- The task -
Only the lines below from the one containing "p,q against columns" to the one containing "(\<Sum>j<dim_col E. F" should be repeated, both included and unchanged.

- Extracted data -
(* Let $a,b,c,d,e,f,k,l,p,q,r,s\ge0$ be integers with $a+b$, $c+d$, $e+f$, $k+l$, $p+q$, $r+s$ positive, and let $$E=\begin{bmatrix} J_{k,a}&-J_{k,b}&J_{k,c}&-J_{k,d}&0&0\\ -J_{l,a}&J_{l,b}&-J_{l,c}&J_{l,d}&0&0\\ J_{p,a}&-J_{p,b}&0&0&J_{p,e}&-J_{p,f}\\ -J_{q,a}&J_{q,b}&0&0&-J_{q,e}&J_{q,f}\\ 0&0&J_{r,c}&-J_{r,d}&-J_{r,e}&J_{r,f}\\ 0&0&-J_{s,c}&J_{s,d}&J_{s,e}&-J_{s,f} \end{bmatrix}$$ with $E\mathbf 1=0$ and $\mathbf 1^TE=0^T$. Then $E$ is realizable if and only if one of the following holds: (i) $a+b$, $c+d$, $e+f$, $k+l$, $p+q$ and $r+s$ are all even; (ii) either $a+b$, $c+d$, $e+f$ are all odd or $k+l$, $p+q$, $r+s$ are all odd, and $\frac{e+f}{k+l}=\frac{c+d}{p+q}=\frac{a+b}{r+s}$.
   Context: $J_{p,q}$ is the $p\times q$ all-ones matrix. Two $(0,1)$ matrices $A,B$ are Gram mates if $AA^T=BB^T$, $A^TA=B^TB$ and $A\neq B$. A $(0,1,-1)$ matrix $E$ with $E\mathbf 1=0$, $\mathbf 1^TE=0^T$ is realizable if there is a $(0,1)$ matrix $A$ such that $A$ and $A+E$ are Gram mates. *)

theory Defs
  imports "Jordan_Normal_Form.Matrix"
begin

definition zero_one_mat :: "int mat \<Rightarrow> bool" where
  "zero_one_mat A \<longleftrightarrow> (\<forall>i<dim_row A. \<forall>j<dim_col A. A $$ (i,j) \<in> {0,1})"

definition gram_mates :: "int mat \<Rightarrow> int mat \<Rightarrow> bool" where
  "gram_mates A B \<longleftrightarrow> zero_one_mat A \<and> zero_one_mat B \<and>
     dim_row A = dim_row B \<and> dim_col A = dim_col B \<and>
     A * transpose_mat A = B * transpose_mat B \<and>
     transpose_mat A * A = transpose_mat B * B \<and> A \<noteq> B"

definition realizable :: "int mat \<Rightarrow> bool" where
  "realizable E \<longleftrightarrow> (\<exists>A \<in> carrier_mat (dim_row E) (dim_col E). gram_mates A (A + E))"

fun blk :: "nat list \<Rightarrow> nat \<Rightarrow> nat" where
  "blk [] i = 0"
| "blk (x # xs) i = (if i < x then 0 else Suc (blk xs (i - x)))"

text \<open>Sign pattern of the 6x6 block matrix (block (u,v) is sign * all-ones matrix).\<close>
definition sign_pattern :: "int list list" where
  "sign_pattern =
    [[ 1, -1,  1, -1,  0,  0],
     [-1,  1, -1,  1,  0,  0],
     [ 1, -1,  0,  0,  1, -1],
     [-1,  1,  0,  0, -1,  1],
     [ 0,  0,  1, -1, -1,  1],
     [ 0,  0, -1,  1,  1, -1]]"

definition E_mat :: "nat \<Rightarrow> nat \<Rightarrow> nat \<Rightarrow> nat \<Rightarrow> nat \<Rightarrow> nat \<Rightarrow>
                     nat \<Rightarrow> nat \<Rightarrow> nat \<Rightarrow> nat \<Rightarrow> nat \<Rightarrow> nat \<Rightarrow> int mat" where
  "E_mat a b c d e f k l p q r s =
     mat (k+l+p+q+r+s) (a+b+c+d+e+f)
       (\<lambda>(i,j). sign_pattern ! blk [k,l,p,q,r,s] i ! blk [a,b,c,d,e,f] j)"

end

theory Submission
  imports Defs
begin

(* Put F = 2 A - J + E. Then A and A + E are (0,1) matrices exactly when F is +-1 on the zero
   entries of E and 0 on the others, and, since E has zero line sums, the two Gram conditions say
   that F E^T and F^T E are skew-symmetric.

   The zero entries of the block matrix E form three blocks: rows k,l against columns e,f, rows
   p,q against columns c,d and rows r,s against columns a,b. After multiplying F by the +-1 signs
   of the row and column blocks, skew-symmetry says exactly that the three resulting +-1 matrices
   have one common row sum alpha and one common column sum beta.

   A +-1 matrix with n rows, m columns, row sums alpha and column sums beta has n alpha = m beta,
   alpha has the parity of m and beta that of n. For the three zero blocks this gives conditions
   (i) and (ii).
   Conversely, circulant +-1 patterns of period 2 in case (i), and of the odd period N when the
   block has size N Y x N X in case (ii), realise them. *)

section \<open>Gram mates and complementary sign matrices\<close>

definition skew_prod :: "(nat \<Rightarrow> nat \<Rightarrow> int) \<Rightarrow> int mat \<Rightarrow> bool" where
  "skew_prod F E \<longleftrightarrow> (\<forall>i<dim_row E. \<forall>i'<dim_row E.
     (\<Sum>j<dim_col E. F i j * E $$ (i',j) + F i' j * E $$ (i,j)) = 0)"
* * *
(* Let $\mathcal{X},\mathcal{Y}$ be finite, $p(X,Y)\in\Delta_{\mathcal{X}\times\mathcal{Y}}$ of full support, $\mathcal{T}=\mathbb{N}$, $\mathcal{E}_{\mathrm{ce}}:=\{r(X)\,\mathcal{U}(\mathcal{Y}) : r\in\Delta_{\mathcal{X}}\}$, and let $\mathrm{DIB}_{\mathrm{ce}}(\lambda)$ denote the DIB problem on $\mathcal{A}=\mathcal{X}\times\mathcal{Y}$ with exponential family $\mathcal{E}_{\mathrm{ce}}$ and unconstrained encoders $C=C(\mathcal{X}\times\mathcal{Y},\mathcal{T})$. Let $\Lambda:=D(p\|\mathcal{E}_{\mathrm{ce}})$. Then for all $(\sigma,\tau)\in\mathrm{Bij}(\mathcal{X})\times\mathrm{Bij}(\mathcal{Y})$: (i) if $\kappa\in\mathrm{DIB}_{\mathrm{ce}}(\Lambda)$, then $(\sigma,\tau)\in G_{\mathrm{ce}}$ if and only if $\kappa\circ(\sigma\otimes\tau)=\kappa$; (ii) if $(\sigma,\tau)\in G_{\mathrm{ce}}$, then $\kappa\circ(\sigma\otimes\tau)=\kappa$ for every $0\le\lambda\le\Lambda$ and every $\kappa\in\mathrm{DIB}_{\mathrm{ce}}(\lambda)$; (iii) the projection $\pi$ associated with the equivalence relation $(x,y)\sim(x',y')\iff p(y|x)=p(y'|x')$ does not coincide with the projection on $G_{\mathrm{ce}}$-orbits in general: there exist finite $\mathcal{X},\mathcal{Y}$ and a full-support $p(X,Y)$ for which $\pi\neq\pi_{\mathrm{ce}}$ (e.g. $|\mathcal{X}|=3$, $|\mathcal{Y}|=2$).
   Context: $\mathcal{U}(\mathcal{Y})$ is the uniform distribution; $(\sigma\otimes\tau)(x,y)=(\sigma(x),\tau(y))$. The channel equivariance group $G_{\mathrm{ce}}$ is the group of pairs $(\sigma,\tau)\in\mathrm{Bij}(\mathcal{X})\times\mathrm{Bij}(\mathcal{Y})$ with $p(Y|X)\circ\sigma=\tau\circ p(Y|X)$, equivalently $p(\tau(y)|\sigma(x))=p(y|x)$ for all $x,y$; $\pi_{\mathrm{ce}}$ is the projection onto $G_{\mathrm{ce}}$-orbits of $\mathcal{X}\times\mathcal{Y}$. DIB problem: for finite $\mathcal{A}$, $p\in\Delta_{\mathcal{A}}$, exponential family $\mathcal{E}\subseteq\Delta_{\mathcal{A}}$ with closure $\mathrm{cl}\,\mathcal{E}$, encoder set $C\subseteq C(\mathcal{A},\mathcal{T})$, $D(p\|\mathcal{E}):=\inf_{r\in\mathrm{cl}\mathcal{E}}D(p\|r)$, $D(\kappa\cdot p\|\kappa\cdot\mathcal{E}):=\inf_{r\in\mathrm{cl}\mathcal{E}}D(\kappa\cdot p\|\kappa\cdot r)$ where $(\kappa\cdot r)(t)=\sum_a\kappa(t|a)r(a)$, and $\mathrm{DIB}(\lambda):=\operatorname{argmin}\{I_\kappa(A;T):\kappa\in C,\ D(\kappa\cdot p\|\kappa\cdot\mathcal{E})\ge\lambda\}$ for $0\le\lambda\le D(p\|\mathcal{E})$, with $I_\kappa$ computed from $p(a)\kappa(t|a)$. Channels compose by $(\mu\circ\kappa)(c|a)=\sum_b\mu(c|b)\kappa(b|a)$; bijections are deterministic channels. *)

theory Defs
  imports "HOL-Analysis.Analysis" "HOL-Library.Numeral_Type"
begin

- Exercise solution -
   p,q against columns c,d and rows r,s against columns a,b. After multiplying F by the +-1 signs
   of the row and column blocks, skew-symmetry says exactly that the three resulting +-1 matrices
   have one common row sum alpha and one common column sum beta.

   A +-1 matrix with n rows, m columns, row sums alpha and column sums beta has n alpha = m beta,
   alpha has the parity of m and beta that of n. For the three zero blocks this gives conditions
   (i) and (ii).
   Conversely, circulant +-1 patterns of period 2 in case (i), and of the odd period N when the
   block has size N Y x N X in case (ii), realise them. *)

section \<open>Gram mates and complementary sign matrices\<close>

definition skew_prod :: "(nat \<Rightarrow> nat \<Rightarrow> int) \<Rightarrow> int mat \<Rightarrow> bool" where
  "skew_prod F E \<longleftrightarrow> (\<forall>i<dim_row E. \<forall>i'<dim_row E.
     (\<Sum>j<dim_col E. F i j * E $$ (i',j) + F i' j * E $$ (i,j)) = 0)"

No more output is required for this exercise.